Implementation of neural network compression from Deep Compression: Compressing Deep Neural Networks with Pruning, Trained Quantization and Huffman Coding and Learning both Weights and Connections for Efficient Neural Networks.
Neural networks are both computationally and memory intensive. This is why it is difficult to deploy then on embedded systems with limited hardware resources.
The aim of this project is to compress a neural network with pruning and quantization without accuracy degradation.

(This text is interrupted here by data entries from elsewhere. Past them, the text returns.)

text \<open>The Euler equation \<open>4 \<alpha> P + 4 z P' = R\<close> is \<open>(z\<^sup>\<alpha> P)' = z\<^sup>\<alpha>\<^sup>-\<^sup>1 R / 4\<close>.\<close>

lemma has_real_derivative_euler_solution:
  fixes \<alpha> c Q0 z :: real and R :: "real \<Rightarrow> real"
  assumes cont_R: "continuous_on UNIV R" and c: "0 < c" "c < z"
  defines "P \<equiv> \<lambda>z. z powr (-\<alpha>) * (Q0 + integral {c..z} (\<lambda>t. t powr (\<alpha> - 1) * R t)) / 4"
  shows "(P has_real_derivative (R z - 4 * \<alpha> * P z) / (4 * z)) (at z)"
proof -
  define Q where "Q = (\<lambda>z. Q0 + integral {c..z} (\<lambda>t. t powr (\<alpha> - 1) * R t))"
  have z: "z > 0" using c by simp
  have cont: "continuous_on {c..e} (\<lambda>t. t powr (\<alpha> - 1) * R t)" for e
    using c by (intro continuous_intros continuous_on_subset[OF cont_R]) auto
  have "((\<lambda>x. integral {c..x} (\<lambda>t. t powr (\<alpha> - 1) * R t)) has_real_derivative z powr (\<alpha> - 1) * R z)
      (at z within {c..z + 1})"
    using integral_has_real_derivative[OF cont, of z] c by simp
  then have "((\<lambda>x. integral {c..x} (\<lambda>t. t powr (\<alpha> - 1) * R t)) has_real_derivative z powr (\<alpha> - 1) * R z) (at z)"
    using c by (intro has_real_derivative_at_interior) auto
  then have "(Q has_real_derivative z powr (\<alpha> - 1) * R z) (at z)"
    unfolding Q_def by (auto intro!: derivative_eq_intros)
  then have deriv: "((\<lambda>z. z powr (-\<alpha>) * Q z / 4) has_real_derivative
      ((-\<alpha>) * z powr (-\<alpha> - 1) * Q z + z powr (-\<alpha>) * (z powr (\<alpha> - 1) * R z)) / 4) (at z)"
    using has_real_derivative_powr[OF z, of "-\<alpha>"] z by (auto intro!: derivative_eq_intros)
  have "z powr (-\<alpha>) * z powr (\<alpha> - 1) = z powr (-\<alpha> + (\<alpha> - 1))"
    by (rule powr_add[symmetric])
  then have "z powr (-\<alpha>) * z powr (\<alpha> - 1) = 1 / z"
    using z by (simp add: powr_minus_divide)
  then have eq: "((-\<alpha>) * z powr (-\<alpha> - 1) * Q z + z powr (-\<alpha>) * (z powr (\<alpha> - 1) * R z)) / 4
      = (R z - 4 * \<alpha> * (z powr (-\<alpha>) * Q z / 4)) / (4 * z)"
    using z by (simp add: powr_diff field_simps)
  have "P = (\<lambda>z. z powr (-\<alpha>) * Q z / 4)"
    unfolding P_def Q_def ..
  then show ?thesis
    using deriv[unfolded eq] by simp
qed

text \<open>Near \<open>0\<close>, where \<open>R\<close> is constant, we take the constant solution; it is the only one that
  stays bounded.\<close>

lemma euler_ode_solution:
  fixes \<alpha> c b R0 :: real and R :: "real \<Rightarrow> real"
  assumes \<alpha>: "\<alpha> > 0" and c: "0 < c" "c < b"
    and cont_R: "continuous_on UNIV R" and R_const: "\<And>z. z \<le> b \<Longrightarrow> R z = R0"
  obtains P P2 where
    "\<And>z. (P has_real_derivative P2 z) (at z)" "continuous_on UNIV P2"
    "\<And>z. 4 * \<alpha> * P z + 4 * z * P2 z = R z"
    "\<And>z. z \<le> c \<Longrightarrow> P z = R0 / (4 * \<alpha>)"
    "\<And>z. z > c \<Longrightarrow> P z = z powr (-\<alpha>) * (R0 * c powr \<alpha> / \<alpha> + integral {c..z} (\<lambda>t. t powr (\<alpha> - 1) * R t)) / 4"
proof -
  define P_large where
    "P_large = (\<lambda>z. z powr (-\<alpha>) * (R0 * c powr \<alpha> / \<alpha> + integral {c..z} (\<lambda>t. t powr (\<alpha> - 1) * R t)) / 4)"
  define P where "P = (\<lambda>z. if z \<le> c then R0 / (4 * \<alpha>) else P_large z)"
  define P2 where "P2 = (\<lambda>z. if z \<le> c then 0 else (R z - 4 * \<alpha> * P z) / (4 * z))"
  have P_small: "P z = R0 / (4 * \<alpha>)" if "z \<le> b" for z
  proof (cases "z \<le> c")
    case False
    then have z: "z > 0" using c by simp
    have "integral {c..z} (\<lambda>t. t powr (\<alpha> - 1) * R t) = integral {c..z} (\<lambda>t. R0 * t powr (\<alpha> - 1))"
      using R_const that by (intro integral_cong) auto
    also have "\<dots> = R0 * ((z powr \<alpha> - c powr \<alpha>) / \<alpha>)"
      using integral_unique[OF has_integral_powr_interval[OF \<alpha> c(1)]] False by simp
    finally have "R0 * c powr \<alpha> / \<alpha> + integral {c..z} (\<lambda>t. t powr (\<alpha> - 1) * R t) = R0 * z powr \<alpha> / \<alpha>"
      by (simp add: diff_divide_distrib right_diff_distrib)
    then have "P z = z powr (-\<alpha>) * (R0 * z powr \<alpha> / \<alpha>) / 4"
      using False by (simp add: P_def P_large_def)
    also have "\<dots> = R0 * (z powr (-\<alpha>) * z powr \<alpha>) / (4 * \<alpha>)"
      by (simp add: field_simps)
    also have "z powr (-\<alpha>) * z powr \<alpha> = 1" using z by (simp add: powr_add[symmetric])
    finally show ?thesis by simp
  qed (simp add: P_def)
  have P_der: "(P has_real_derivative P2 z) (at z)" for z
  proof (cases "z > c")
    case True
    have "(P_large has_real_derivative (R z - 4 * \<alpha> * P_large z) / (4 * z)) (at z)"
      unfolding P_large_def by (rule has_real_derivative_euler_solution[OF cont_R c(1) True])
    moreover have "P2 z = (R z - 4 * \<alpha> * P_large z) / (4 * z)"
      using True by (simp add: P2_def P_def)
    ultimately have "(P_large has_real_derivative P2 z) (at z)" by simp
    then show ?thesis
      by (rule has_field_derivative_transform_within_open[of _ _ _ "{c<..}"]) (use True in \<open>auto simp: P_def\<close>)
  next
    case False
    have "((\<lambda>_. R0 / (4 * \<alpha>)) has_real_derivative 0) (at z)" by simp
    then have "(P has_real_derivative 0) (at z)"
      by (rule has_field_derivative_transform_within_open[of _ _ _ "{..<b}"])
         (use False c P_small in auto)
    then show ?thesis using False by (simp add: P2_def)
  qed
  have cont_P: "continuous_on UNIV P"
    using P_der by (meson DERIV_isCont continuous_at_imp_continuous_on)
  have "isCont P2 z" for z
  proof (cases "z > c")
    case True
    have "continuous_on {c<..} (\<lambda>z. (R z - 4 * \<alpha> * P z) / (4 * z))"
      using c by (intro continuous_intros continuous_on_subset[OF cont_R] continuous_on_subset[OF cont_P]) auto
    then have "continuous_on {c<..} P2" by (rule continuous_on_eq) (simp add: P2_def)
    then show ?thesis using True continuous_on_eq_continuous_at[of "{c<..}" P2] by simp
  next
    case False
    have "P2 x = 0" if "x \<in> {..<b}" for x
      using that R_const[of x] P_small[of x] \<alpha> by (auto simp: P2_def)
    then have "continuous_on {..<b} P2"
      using continuous_on_const[of "{..<b}" 0] continuous_on_eq by metis
    then show ?thesis using False c continuous_on_eq_continuous_at[of "{..<b}" P2] by simp
  qed
  then have "continuous_on UNIV P2" by (simp add: continuous_at_imp_continuous_on)
  moreover have "4 * \<alpha> * P z + 4 * z * P2 z = R z" for z
    using P_small[of z] R_const[of z] c \<alpha> by (cases "z > c") (auto simp: P2_def)
  ultimately show ?thesis
    using that[of P P2] P_der P_small c by (auto simp: P_def P_large_def)
qed

lemma vanishing_antiderivative:
  fixes P :: "real \<Rightarrow> real"
  assumes cont_P: "continuous_on UNIV P" and P_nonpos: "\<And>z. P z \<le> 0"
    and P_zero: "\<And>z. z \<ge> b \<Longrightarrow> P z = 0"
  obtains F where "\<And>z. (F has_real_derivative P z) (at z)" "\<And>z. F z \<ge> 0" "\<And>z. z \<ge> b \<Longrightarrow> F z = 0"
proof -
  define F where "F = (\<lambda>z. - integral {z..b + 1} P)"
  have F_zero: "F z = 0" if "z \<ge> b" for z
  proof -
    have "integral {z..b + 1} P = integral {z..b + 1} (\<lambda>_. 0)"
      using that P_zero by (intro integral_cong) auto
    then show ?thesis by (simp add: F_def)
  qed
  have "F z \<ge> 0" for z
  proof -
    have "integral {z..b + 1} P \<le> integral {z..b + 1} (\<lambda>_. 0)"
      using P_nonpos continuous_on_subset[OF cont_P] by (intro integral_le integrable_continuous_real) auto
    then show ?thesis by (simp add: F_def)
  qed
  moreover have "(F has_real_derivative P z) (at z)" for z
  proof (cases "z > b")
    case True
    have "((\<lambda>_. 0) has_real_derivative 0) (at z)" by simp
    then have "(F has_real_derivative 0) (at z)"
      by (rule has_field_derivative_transform_within_open[of _ _ _ "{b<..}"]) (use True F_zero in auto)
    then show ?thesis using P_zero[of z] True by simp
  next
    case False
    have "((\<lambda>x. integral {x..b + 1} P) has_real_derivative - P z) (at z within {z - 1..b + 1})"
      using integral_has_real_derivative'[OF continuous_on_subset[OF cont_P], of "z - 1" "b + 1" z] False by auto
    then have "((\<lambda>x. integral {x..b + 1} P) has_real_derivative - P z) (at z)"
      using False by (intro has_real_derivative_at_interior) auto
    then show ?thesis unfolding F_def using DERIV_minus by fastforce
  qed
  ultimately show ?thesis using that F_zero by blast
qed

text \<open>Profiles in the variable \<open>z = |x - x\<^sub>0|\<^sup>2\<close> of the radial test functions.\<close>

definition plateau :: "real \<Rightarrow> real \<Rightarrow> real" where
  "plateau s z = min 1 (max 0 (2 - 2 * z / s^2))"

definition annulus_bump :: "real \<Rightarrow> real \<Rightarrow> real \<Rightarrow> real" where
  "annulus_bump r1 r z = max 0 ((z - r1^2) * (r^2 - z))"

lemma plateau_nonneg: "plateau s z \<ge> 0"
  by (simp add: plateau_def)

lemma plateau_eq_1:
  assumes "s \<noteq> 0" "z \<le> s^2 / 2"
  shows "plateau s z = 1"
proof -
  have "2 * z / s^2 \<le> 1" using assms by (simp add: divide_le_eq)
  then show ?thesis by (simp add: plateau_def)
qed

lemma plateau_eq_0: "s \<noteq> 0 \<Longrightarrow> z \<ge> s^2 \<Longrightarrow> plateau s z = 0"
  by (simp add: plateau_def field_simps)

lemma continuous_on_plateau [continuous_intros]:
  "s \<noteq> 0 \<Longrightarrow> continuous_on A f \<Longrightarrow> continuous_on A (\<lambda>x. plateau s (f x))"
  unfolding plateau_def by (intro continuous_intros) auto

lemma annulus_bump_nonneg: "annulus_bump r1 r z \<ge> 0"
  by (simp add: annulus_bump_def)

lemma annulus_bump_eq_0:
  assumes "r1^2 \<le> r^2" "z \<le> r1^2 \<or> z \<ge> r^2"
  shows "annulus_bump r1 r z = 0"
proof -
  have "(z - r1^2) * (r^2 - z) \<le> 0"
    using assms by (auto intro: mult_nonpos_nonneg mult_nonneg_nonpos)
  then show ?thesis by (simp add: annulus_bump_def)
qed

lemma annulus_bump_pos: "r1^2 < z \<Longrightarrow> z < r^2 \<Longrightarrow> annulus_bump r1 r z > 0"
  by (simp add: annulus_bump_def)

lemma continuous_on_annulus_bump [continuous_intros]:
  "continuous_on A f \<Longrightarrow> continuous_on A (\<lambda>x. annulus_bump r1 r (f x))"
  unfolding annulus_bump_def by (intro continuous_intros)

lemma primitive_nonpos_if_sign_change:
  fixes h :: "real \<Rightarrow> real" and Q0 c m e z :: real
  assumes int: "\<And>x y. c \<le> x \<Longrightarrow> h integrable_on {x..y}"
    and "Q0 \<le> 0" and cme: "c \<le> m" "m \<le> e"
    and neg: "\<And>t. c \<le> t \<Longrightarrow> t \<le> m \<Longrightarrow> h t \<le> 0" and pos: "\<And>t. m \<le> t \<Longrightarrow> t \<le> e \<Longrightarrow> h t \<ge> 0"
    and zero: "\<And>t. e \<le> t \<Longrightarrow> h t = 0"
    and balanced: "Q0 + integral {c..e} h = 0"
  shows primitive_nonpos: "c \<le> z \<Longrightarrow> Q0 + integral {c..z} h \<le> 0"
    and primitive_zero: "e \<le> z \<Longrightarrow> Q0 + integral {c..z} h = 0"
proof -
  show zero_after: "Q0 + integral {c..z} h = 0" if "e \<le> z" for z
  proof -
    have "integral {e..z} h = integral {e..z} (\<lambda>_. 0)"
      using zero by (intro integral_cong) auto
    moreover have "integral {c..z} h = integral {c..e} h + integral {e..z} h"
      using Henstock_Kurzweil_Integration.integral_combine[OF _ that int] cme by simp
    ultimately show ?thesis using balanced by simp
  qed
  assume "c \<le> z"
  consider "z \<le> m" | "m < z" "z \<le> e" | "e < z" by linarith
  then show "Q0 + integral {c..z} h \<le> 0"
  proof cases
    case 1
    then have "integral {c..z} h \<le> integral {c..z} (\<lambda>_. 0)"
      using neg int \<open>c \<le> z\<close> by (intro integral_le) auto
    then show ?thesis using \<open>Q0 \<le> 0\<close> by simp
  next
    case 2
    have "integral {c..z} h + integral {z..e} h = integral {c..e} h"
      using Henstock_Kurzweil_Integration.integral_combine[OF \<open>c \<le> z\<close> 2(2) int] by simp
    moreover have "integral {z..e} h \<ge> 0"
      using pos int[of z e] 2 cme \<open>c \<le> z\<close> by (intro Henstock_Kurzweil_Integration.integral_nonneg) auto
    ultimately show ?thesis using balanced by simp
  qed (use zero_after in simp)
qed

The experiments are executed on the MNIST classification problem, with the following neural networks: LeNet300-100
and LeNet5
.
The pruning phase consists of three steps :
-
train connectivity as usual
-
prune connection: remove all the weights below a threshold
-
train the weights: re-train the neural network and repeat from step 2
It is significant to note that:
- the first step is conceptually different from the way a neural network is normally trained because in this step we are interested in finding the important connection rather than the final weights
- retraining the pruned neural network is necessary because after the remotion of some connection the accuracy will inevitably drop
- pruning works under the hypothesis that the network is over-parametrized so that it solves not only memory isssues but also it can reduce the risk of overfitting
The regularization terms used in the loss function, tends to lower the magnitude of the weight matrices, so that more weights close to zero will become good candidates to be pruned.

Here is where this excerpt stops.